● **Work order**:
What you return should be each line of the data containing the string "conjI".

Segment Open

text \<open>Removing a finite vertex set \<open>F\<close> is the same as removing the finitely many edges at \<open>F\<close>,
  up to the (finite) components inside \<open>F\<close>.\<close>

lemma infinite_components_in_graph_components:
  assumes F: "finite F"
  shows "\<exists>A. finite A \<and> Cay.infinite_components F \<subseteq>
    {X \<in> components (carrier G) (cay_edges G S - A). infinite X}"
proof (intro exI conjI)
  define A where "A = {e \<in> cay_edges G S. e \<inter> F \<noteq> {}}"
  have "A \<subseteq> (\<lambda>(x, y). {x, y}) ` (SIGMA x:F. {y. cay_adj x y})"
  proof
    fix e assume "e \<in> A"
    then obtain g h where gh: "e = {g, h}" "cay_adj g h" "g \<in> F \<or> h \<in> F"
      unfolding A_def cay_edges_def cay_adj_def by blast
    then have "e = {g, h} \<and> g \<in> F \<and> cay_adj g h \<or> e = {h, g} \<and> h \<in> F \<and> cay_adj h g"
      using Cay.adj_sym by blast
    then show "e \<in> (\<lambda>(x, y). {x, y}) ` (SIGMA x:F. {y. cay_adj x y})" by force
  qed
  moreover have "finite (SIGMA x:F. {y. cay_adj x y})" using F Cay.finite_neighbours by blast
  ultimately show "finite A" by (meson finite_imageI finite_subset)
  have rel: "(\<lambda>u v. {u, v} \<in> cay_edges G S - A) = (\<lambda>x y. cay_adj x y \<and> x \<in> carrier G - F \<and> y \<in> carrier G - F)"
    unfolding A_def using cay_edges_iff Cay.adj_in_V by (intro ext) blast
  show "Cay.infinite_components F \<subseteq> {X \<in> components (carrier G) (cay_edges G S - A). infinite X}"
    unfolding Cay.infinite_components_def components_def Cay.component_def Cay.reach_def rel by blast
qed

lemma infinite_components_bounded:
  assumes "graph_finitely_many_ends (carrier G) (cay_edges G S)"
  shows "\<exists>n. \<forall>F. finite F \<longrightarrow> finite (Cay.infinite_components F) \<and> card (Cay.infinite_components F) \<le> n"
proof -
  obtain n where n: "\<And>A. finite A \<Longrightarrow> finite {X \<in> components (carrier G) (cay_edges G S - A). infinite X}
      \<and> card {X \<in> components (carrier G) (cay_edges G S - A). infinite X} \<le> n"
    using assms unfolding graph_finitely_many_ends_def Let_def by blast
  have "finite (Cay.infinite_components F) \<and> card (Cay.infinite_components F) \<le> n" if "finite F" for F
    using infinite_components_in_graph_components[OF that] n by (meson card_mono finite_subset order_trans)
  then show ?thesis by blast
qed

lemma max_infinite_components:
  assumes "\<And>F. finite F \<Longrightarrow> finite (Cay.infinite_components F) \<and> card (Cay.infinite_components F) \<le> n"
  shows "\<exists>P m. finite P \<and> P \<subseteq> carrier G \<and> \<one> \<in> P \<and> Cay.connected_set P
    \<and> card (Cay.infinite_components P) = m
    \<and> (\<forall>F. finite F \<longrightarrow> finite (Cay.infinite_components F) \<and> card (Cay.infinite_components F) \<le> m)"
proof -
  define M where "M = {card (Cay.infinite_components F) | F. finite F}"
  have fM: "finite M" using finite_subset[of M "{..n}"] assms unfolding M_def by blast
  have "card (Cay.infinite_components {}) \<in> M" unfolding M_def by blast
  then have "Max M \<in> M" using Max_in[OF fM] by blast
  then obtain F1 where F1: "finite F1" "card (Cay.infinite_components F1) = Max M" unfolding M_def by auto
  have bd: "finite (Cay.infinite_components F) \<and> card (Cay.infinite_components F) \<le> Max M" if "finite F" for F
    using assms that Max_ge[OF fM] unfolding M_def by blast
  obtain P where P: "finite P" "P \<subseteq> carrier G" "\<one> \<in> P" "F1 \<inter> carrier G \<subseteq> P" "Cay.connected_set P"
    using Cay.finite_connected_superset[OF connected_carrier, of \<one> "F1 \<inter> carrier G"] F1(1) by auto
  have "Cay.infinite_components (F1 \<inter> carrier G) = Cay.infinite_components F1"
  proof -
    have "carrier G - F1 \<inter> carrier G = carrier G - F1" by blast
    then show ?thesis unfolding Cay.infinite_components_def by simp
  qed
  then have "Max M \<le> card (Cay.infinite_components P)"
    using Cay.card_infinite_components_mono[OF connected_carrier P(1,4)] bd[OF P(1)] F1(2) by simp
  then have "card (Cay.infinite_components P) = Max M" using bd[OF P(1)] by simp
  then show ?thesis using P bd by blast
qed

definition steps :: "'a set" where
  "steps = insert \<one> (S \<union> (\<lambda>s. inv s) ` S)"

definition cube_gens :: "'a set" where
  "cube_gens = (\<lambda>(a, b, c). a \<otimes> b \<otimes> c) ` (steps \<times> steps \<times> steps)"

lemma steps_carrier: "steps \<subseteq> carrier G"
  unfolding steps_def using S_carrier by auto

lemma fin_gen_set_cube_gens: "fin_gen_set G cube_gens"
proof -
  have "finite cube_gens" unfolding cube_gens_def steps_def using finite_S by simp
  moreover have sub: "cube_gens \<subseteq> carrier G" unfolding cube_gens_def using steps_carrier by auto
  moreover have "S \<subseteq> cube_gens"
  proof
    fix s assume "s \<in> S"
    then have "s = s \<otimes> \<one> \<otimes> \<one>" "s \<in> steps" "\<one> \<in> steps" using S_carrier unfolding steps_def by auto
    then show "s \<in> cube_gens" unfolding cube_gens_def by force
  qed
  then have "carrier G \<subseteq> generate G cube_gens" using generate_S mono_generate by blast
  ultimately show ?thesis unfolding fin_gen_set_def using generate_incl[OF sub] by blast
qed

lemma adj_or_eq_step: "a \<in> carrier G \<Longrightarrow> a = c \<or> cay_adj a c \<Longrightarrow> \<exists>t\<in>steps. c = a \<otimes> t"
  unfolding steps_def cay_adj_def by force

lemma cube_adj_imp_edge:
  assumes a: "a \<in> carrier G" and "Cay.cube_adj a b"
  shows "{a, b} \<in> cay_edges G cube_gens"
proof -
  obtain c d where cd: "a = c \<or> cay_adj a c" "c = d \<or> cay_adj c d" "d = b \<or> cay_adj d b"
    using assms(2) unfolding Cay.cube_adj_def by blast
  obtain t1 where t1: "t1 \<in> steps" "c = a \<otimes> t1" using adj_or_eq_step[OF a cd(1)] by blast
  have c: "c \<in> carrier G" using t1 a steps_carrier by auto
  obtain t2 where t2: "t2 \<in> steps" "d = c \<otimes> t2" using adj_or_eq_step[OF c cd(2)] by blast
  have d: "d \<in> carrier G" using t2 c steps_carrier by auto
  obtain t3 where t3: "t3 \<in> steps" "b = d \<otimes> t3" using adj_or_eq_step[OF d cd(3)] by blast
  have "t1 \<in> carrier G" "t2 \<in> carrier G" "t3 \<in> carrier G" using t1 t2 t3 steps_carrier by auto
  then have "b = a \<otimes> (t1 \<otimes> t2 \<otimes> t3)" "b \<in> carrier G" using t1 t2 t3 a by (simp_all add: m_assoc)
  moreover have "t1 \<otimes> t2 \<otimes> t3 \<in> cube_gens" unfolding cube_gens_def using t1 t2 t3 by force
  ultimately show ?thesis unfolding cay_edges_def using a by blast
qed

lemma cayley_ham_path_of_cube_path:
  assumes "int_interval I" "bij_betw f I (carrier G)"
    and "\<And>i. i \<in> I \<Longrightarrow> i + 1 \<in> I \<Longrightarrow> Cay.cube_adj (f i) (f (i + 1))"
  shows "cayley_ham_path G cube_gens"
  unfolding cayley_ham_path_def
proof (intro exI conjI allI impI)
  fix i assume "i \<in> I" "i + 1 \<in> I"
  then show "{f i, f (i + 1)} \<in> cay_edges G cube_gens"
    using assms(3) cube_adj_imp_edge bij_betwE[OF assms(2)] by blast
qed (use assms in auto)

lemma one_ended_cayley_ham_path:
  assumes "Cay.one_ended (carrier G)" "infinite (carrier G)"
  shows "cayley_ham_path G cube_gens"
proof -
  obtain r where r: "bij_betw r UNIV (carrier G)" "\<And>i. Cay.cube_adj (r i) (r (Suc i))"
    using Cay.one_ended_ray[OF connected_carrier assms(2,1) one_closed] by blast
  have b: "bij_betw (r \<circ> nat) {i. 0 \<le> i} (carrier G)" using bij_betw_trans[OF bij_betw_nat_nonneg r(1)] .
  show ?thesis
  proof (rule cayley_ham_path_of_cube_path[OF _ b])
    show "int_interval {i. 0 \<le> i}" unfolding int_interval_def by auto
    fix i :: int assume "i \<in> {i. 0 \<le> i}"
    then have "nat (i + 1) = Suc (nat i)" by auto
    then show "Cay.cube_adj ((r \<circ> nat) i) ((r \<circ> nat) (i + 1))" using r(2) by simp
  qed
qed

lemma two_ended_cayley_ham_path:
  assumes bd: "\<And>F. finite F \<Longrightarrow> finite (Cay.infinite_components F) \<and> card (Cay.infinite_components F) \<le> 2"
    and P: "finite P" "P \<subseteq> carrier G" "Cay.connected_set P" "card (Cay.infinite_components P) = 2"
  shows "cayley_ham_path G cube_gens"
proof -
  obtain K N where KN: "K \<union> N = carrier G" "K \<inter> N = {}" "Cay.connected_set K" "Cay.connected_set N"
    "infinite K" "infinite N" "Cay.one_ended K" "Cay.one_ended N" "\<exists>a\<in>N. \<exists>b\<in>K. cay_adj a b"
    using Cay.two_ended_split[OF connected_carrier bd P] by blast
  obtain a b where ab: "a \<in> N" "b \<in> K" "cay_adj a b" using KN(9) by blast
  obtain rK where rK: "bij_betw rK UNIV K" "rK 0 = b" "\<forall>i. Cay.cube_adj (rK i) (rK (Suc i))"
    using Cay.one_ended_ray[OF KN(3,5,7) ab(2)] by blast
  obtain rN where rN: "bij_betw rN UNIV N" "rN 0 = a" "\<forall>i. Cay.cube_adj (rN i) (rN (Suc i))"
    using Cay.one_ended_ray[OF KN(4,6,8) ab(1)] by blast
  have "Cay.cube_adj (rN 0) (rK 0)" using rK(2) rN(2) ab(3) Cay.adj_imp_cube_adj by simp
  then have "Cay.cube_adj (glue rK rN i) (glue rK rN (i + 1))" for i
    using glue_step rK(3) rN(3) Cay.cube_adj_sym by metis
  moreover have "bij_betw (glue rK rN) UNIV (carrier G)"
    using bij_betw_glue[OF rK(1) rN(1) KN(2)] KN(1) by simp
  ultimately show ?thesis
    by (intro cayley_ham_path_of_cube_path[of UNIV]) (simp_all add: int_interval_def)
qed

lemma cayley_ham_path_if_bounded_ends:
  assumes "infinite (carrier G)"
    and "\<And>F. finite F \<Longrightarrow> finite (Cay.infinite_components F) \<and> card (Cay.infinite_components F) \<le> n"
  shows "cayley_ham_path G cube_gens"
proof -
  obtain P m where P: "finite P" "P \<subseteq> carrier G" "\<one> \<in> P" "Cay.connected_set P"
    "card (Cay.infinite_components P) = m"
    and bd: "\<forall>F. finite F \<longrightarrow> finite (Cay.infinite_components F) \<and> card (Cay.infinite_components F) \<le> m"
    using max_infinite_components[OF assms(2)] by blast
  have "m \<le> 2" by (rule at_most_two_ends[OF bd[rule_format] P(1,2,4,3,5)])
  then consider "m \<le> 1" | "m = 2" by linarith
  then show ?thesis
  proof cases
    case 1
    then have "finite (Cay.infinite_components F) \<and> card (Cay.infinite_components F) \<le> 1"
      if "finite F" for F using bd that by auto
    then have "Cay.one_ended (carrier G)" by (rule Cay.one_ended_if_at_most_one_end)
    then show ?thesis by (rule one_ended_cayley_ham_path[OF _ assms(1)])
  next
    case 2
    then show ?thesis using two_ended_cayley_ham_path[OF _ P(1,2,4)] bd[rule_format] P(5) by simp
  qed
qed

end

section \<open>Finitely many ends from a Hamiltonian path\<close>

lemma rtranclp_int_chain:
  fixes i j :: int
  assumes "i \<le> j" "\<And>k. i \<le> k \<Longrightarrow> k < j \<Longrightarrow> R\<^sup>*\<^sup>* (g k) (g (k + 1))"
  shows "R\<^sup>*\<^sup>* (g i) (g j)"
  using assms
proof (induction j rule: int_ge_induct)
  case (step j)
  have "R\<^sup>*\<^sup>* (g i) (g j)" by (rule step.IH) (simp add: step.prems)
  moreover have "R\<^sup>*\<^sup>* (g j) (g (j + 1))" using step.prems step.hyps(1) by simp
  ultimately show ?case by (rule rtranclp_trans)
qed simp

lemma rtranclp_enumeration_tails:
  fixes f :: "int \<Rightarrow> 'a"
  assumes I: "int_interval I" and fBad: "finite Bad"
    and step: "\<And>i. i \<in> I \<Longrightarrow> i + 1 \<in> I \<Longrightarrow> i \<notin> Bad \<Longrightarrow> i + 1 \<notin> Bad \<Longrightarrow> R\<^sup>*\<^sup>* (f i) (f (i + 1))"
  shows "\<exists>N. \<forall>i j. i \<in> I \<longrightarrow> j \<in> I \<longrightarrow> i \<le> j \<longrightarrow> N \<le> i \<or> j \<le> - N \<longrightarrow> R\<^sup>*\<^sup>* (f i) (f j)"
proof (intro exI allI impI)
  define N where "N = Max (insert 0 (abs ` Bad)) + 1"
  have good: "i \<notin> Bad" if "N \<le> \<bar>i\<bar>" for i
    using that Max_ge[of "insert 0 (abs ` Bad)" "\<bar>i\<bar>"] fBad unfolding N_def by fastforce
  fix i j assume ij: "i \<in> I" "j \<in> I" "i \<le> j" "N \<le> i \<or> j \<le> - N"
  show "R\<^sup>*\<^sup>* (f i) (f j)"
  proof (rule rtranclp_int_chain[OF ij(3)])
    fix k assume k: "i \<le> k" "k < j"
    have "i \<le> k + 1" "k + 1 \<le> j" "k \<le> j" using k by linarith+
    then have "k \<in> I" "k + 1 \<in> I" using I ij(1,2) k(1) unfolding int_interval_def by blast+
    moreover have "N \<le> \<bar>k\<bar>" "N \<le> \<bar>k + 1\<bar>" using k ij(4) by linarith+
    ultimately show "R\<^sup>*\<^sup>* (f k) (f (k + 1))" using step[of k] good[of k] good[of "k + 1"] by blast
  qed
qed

Segment Closed

● **Response box**:
proof (intro exI conjI)
proof (intro exI conjI allI impI)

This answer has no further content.